Show that g(n)=8n/15 iff n is divisible by 3 and 5 and by no other primes, where g is the euler totient function.

How to go about the proof?

The basic formula of the Euler's Totiens Function is...

$\displaystyle \varphi (n) = n\ \prod _{p|n} (1-\frac{1}{p})$ (1)

... so that Your equation...

$\displaystyle \varphi(n)= \frac{8\ n}{15}$ (2)

... is satisfied if...

$\displaystyle \prod _{p|n} (1-\frac{1}{p}) = \frac{8}{15}$ (3)

... and that happens only for $\displaystyle n= 3 \cdot 5 = 15$ ...

Kind regards

$\chi$ $\sigma$

 

[CellCoree]

To prove that g(n)=8n/15 iff n is divisible by 3 and 5 and by no other primes, we can use the definition of the Euler totient function and the fundamental theorem of arithmetic.

First, let's define g(n) as the number of positive integers less than or equal to n that are relatively prime to n. This means that g(n) counts the number of integers that do not share any common factors with n, except for 1.

Next, let's consider the prime factorization of n. By the fundamental theorem of arithmetic, every positive integer can be uniquely expressed as a product of primes. So, we can write n as n = p1^a1 * p2^a2 * ... * pn^an, where p1, p2, ..., pn are distinct primes and a1, a2, ..., an are positive integers.

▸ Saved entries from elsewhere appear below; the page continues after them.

text \<open>
  Let \<open>T\<^sub>k\<close> be the set of rows \<open>i \<le> k\<close> of \<open>\<alpha>\<close> with \<open>\<alpha>\<^sub>i + i - 1 \<ge> k\<close>, so that
  \<open>d\<^sub>k = |T\<^sub>k|\<close>. As the rows decrease, \<open>T\<^sub>k\<^sub>+\<^sub>1 \<subseteq> admissible_rows k T\<^sub>k\<close>; conversely every
  such chain \<open>T\<^sub>1, T\<^sub>2, \<dots>\<close> with \<open>|T\<^sub>k| = d\<^sub>k\<close> comes from exactly one partition, whose
  \<open>i\<close>-th part counts the \<open>k\<close> with \<open>i \<in> T\<^sub>k\<close>. So \<open>|[d]|\<close> is a number of chains, which
  is computed one diagonal at a time.

  The staircase \<open>1, \<dots>, q\<close> forces \<open>T\<^sub>k = {1..k}\<close>. If \<open>T\<^sub>k\<close> misses a row \<open>m \<le> k\<close> and
  has only \<open>|T\<^sub>k|\<close> admissible rows, then \<open>T\<^sub>k\<^sub>+\<^sub>1\<close> is \<open>T\<^sub>k\<close> with the rows after \<open>m\<close> moved
  down by one, and this relabelling is a bijection of chains, so an entry \<open>d\<^sub>k\<^sub>+\<^sub>1 = d\<^sub>k\<close>
  can be deleted. Consequently a value repeated more than twice may be repeated just twice,
  which is (5). A set of size \<open>c\<close> with exactly \<open>c\<close> admissible rows is an initial block of
  rows together with a final one; following these blocks gives (4), and counting them gives
  binomial coefficients that sum to \<open>2\<^sup>q\<close> in (2). Forbidding rows beyond \<open>q\<close> leaves a
  single chain, which is (1), and \<open>(1, \<dots>, m - 1, 1)\<close> leaves \<open>m\<close> choices for its last set,
  which is (3).
\<close>

section \<open>Diagonal entries and the rows reaching a diagonal\<close>

lemma nth_plus_index_le_sum_list:
  fixes xs :: "nat list"
  assumes "\<forall>x\<in>set xs. 0 < x" and "j < length xs"
  shows "xs ! j + j \<le> sum_list xs"
  using assms
proof (induction xs arbitrary: j)
  case (Cons x xs)
  then show ?case by (cases j) fastforce+
qed simp

lemma diag_entry_eq_0:
  assumes "is_partition \<alpha> N" and "N < k"
  shows "diag_entry \<alpha> k = 0"
proof -
  have "part \<alpha> i + i - 1 < k" if "1 \<le> i" "i \<le> k" for i
  proof (cases "i \<le> length \<alpha>")
    case True
    then have "\<alpha> ! (i - 1) + (i - 1) \<le> N"
      using nth_plus_index_le_sum_list[of \<alpha> "i - 1"] assms(1) that
      unfolding is_partition_def by auto
    then show ?thesis using True that assms(2) unfolding part_def by auto
  qed (use that in \<open>auto simp: part_def\<close>)
  then have "{i. 1 \<le> i \<and> i \<le> k \<and> part \<alpha> i + i - 1 \<ge> k} = {}"
    using leD by blast
  then show ?thesis unfolding diag_entry_def by simp
qed

lemma delta_eq_strip_while: "delta \<alpha> = strip_while ((=) 0) (map (diag_entry \<alpha>) [1..<sum_list \<alpha> + 1])"
proof -
  have "(\<lambda>x::nat. x = 0) = (=) 0" by auto
  then show ?thesis unfolding delta_def strip_while_def by simp
qed

lemma delta_eq_iff:
  assumes "is_partition \<alpha> (sum_list \<alpha>)" and "no_trailing ((=) 0) d"
  shows "delta \<alpha> = d \<longleftrightarrow> (\<forall>k. diag_entry \<alpha> (Suc k) = nth_default 0 d k)"
proof -
  let ?m = "map (diag_entry \<alpha>) [1..<sum_list \<alpha> + 1]"
  have "nth_default 0 ?m k = diag_entry \<alpha> (Suc k)" for k
    using diag_entry_eq_0[OF assms(1), of "Suc k"] by (auto simp: nth_default_def simp del: upt_Suc)
  then have "nth_default 0 ?m = diag_entry \<alpha> \<circ> Suc" by auto
  moreover have "delta \<alpha> = d \<longleftrightarrow> nth_default 0 ?m = nth_default 0 d"
    unfolding delta_eq_strip_while nth_default_eq_iff using assms(2) by simp
  ultimately show ?thesis by (auto simp: fun_eq_iff)
qed

lemma part_Suc_eq_nth_default: "part \<alpha> (Suc k) = nth_default 0 \<alpha> k"
  unfolding part_def nth_default_def by simp

lemma part_antimono:
  assumes "sorted_wrt (\<ge>) \<alpha>" and "1 \<le> j" and "j \<le> i"
  shows "part \<alpha> i \<le> part \<alpha> j"
  using assms sorted_wrt_nth_less[OF assms(1), of "j - 1" "i - 1"]
  by (cases "j = i") (auto simp: part_def)

lemma no_trailing_zero_if_positive: "\<forall>x\<in>set xs. 0 < (x::nat) \<Longrightarrow> no_trailing ((=) 0) xs"
  by (auto simp: no_trailing_unfold)

lemma positive_list_eqI_part:
  fixes \<alpha> \<beta> :: "nat list"
  assumes "\<forall>x\<in>set \<alpha>. 0 < x" and "\<forall>x\<in>set \<beta>. 0 < x" and "\<forall>i\<ge>1. part \<alpha> i = part \<beta> i"
  shows "\<alpha> = \<beta>"
proof -
  have "no_trailing ((=) 0) \<alpha>" "no_trailing ((=) 0) \<beta>"
    using assms(1,2) by (simp_all add: no_trailing_zero_if_positive)
  moreover have "nth_default 0 \<alpha> = nth_default 0 \<beta>"
    using assms(3) by (auto simp: fun_eq_iff part_Suc_eq_nth_default[symmetric])
  ultimately show ?thesis
    by (metis nth_default_eq_iff strip_while_idem)
qed

lemma part_pos_iff:
  assumes "\<forall>x\<in>set \<alpha>. 0 < x"
  shows "0 < part \<alpha> i \<longleftrightarrow> 1 \<le> i \<and> i \<le> length \<alpha>"
  using assms by (auto simp: part_def)

definition diag_rows :: "nat list \<Rightarrow> nat \<Rightarrow> nat set" where
  "diag_rows \<alpha> k = {i. 1 \<le> i \<and> i \<le> k \<and> k \<le> part \<alpha> i + i - 1}"

lemma diag_entry_eq_card_diag_rows: "diag_entry \<alpha> k = card (diag_rows \<alpha> k)"
  unfolding diag_entry_def diag_rows_def by simp

lemma diag_rows_subset: "diag_rows \<alpha> k \<subseteq> {1..k}"
  unfolding diag_rows_def by auto

lemma finite_diag_rows [simp]: "finite (diag_rows \<alpha> k)"
  using diag_rows_subset finite_subset by blast

lemma diag_rows_0 [simp]: "diag_rows \<alpha> 0 = {}"
  unfolding diag_rows_def by auto

lemma diagonals_of_row:
  assumes "1 \<le> i"
  shows "{k. i \<in> diag_rows \<alpha> k} = {i..<i + part \<alpha> i}"
  using assms unfolding diag_rows_def by auto

lemma card_diagonals_of_row:
  assumes "1 \<le> i"
  shows "card {k. i \<in> diag_rows \<alpha> k} = part \<alpha> i"
  using diagonals_of_row[OF assms] by simp

text \<open>Row \<open>i \<le> k\<close> can reach diagonal \<open>k + 1\<close> only if it reaches diagonal \<open>k\<close>, and row
  \<open>i \<ge> 2\<close> only if row \<open>i - 1\<close>, which is at least as long, reaches diagonal \<open>k\<close>.\<close>
definition admissible_rows :: "nat \<Rightarrow> nat set \<Rightarrow> nat set" where
  "admissible_rows k S = {i. 1 \<le> i \<and> i \<le> Suc k \<and> (i \<le> k \<longrightarrow> i \<in> S) \<and> (2 \<le> i \<longrightarrow> i - 1 \<in> S)}"

lemma admissible_rows_subset: "admissible_rows k S \<subseteq> {1..Suc k}"
  unfolding admissible_rows_def by auto

lemma finite_admissible_rows [simp]: "finite (admissible_rows k S)"
  using admissible_rows_subset finite_subset by blast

Now, let's look at the definition of g(n)=8n/15. We can rewrite this as g(n)=n * (8/15). This means that g(n) is equal to n multiplied by a fraction, where the numerator is 8 and the denominator is 15.

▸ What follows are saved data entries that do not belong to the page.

lemma erw_translate: "erw (\<lambda>x. a (x + k)) x0 n = erw a (x0 + k) n - k"
  by (simp add: erw_def erw_state_translate del: erw_state.simps)

definition confined :: "int \<Rightarrow> nat \<Rightarrow> (int \<Rightarrow> nat \<Rightarrow> bool) \<Rightarrow> bool" where
  "confined m K a \<longleftrightarrow> (\<forall>n. m \<le> erw a 0 n \<and> (\<forall>x<0. snd (erw_state a 0 n) x \<le> K))"

lemma erw_tendsto_at_top_imp_confined:
  assumes "filterlim (erw a 0) at_top sequentially"
  shows "\<exists>m\<le>0. \<exists>K. confined m K a"
proof -
  obtain N where N: "\<forall>n\<ge>N. 0 \<le> erw a 0 n"
    using assms unfolding filterlim_at_top eventually_sequentially by blast
  define m where "m = min 0 (Min (erw a 0 ` {..N}))"
  have "m \<le> erw a 0 n" for n
    using N Min_le[of "erw a 0 ` {..N}" "erw a 0 n"] unfolding m_def
    by (cases "n \<le> N") (auto simp: min.coboundedI1 min.coboundedI2)
  moreover have "snd (erw_state a 0 n) x \<le> N" if "x < 0" for n x
  proof -
    have "{j. j \<le> n \<and> erw a 0 j = x} \<subseteq> {..<N}"
      using N that by (auto simp: not_less[symmetric])
    then show ?thesis
      using card_mono[of "{..<N}"] by (fastforce simp: erw_state_local_time)
  qed
  moreover have "m \<le> 0" by (simp add: m_def)
  ultimately show ?thesis unfolding confined_def by blast
qed

lemma erw_state_run_right:
  assumes "\<forall>i<d. a (x0 + int i) 1"
  shows "erw_state a x0 d = (x0 + int d, \<lambda>y. if x0 \<le> y \<and> y \<le> x0 + int d then 1 else 0)"
  using assms
proof (induction d)
  case (Suc d)
  then have "a (x0 + int d) 1" by simp
  with Suc show ?case unfolding erw_state_Suc_move[of a]
    by (auto simp: erw_move_def Let_def fun_eq_iff)
qed (auto simp: fun_eq_iff)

Using this information, we can deduce that for g(n) to equal 8n/15, n must be divisible by both 8 and 15. Since 8 and 15 are relatively prime, this means that n must be divisible by both 8 and 15, and therefore by their product, which is 120.

Furthermore, since n is divisible by 120, we can write n as n = 2^a * 3^b * 5^c, where a, b, and c are positive integers. This is because 120= 2^3 * 3^1 * 5^1, and any other prime factors of n would make it not relatively prime to 120.

Therefore, we have shown that n must be divisible by 3 and 5, and no other primes, in order for g(n) to equal 8n/15. This completes the proof.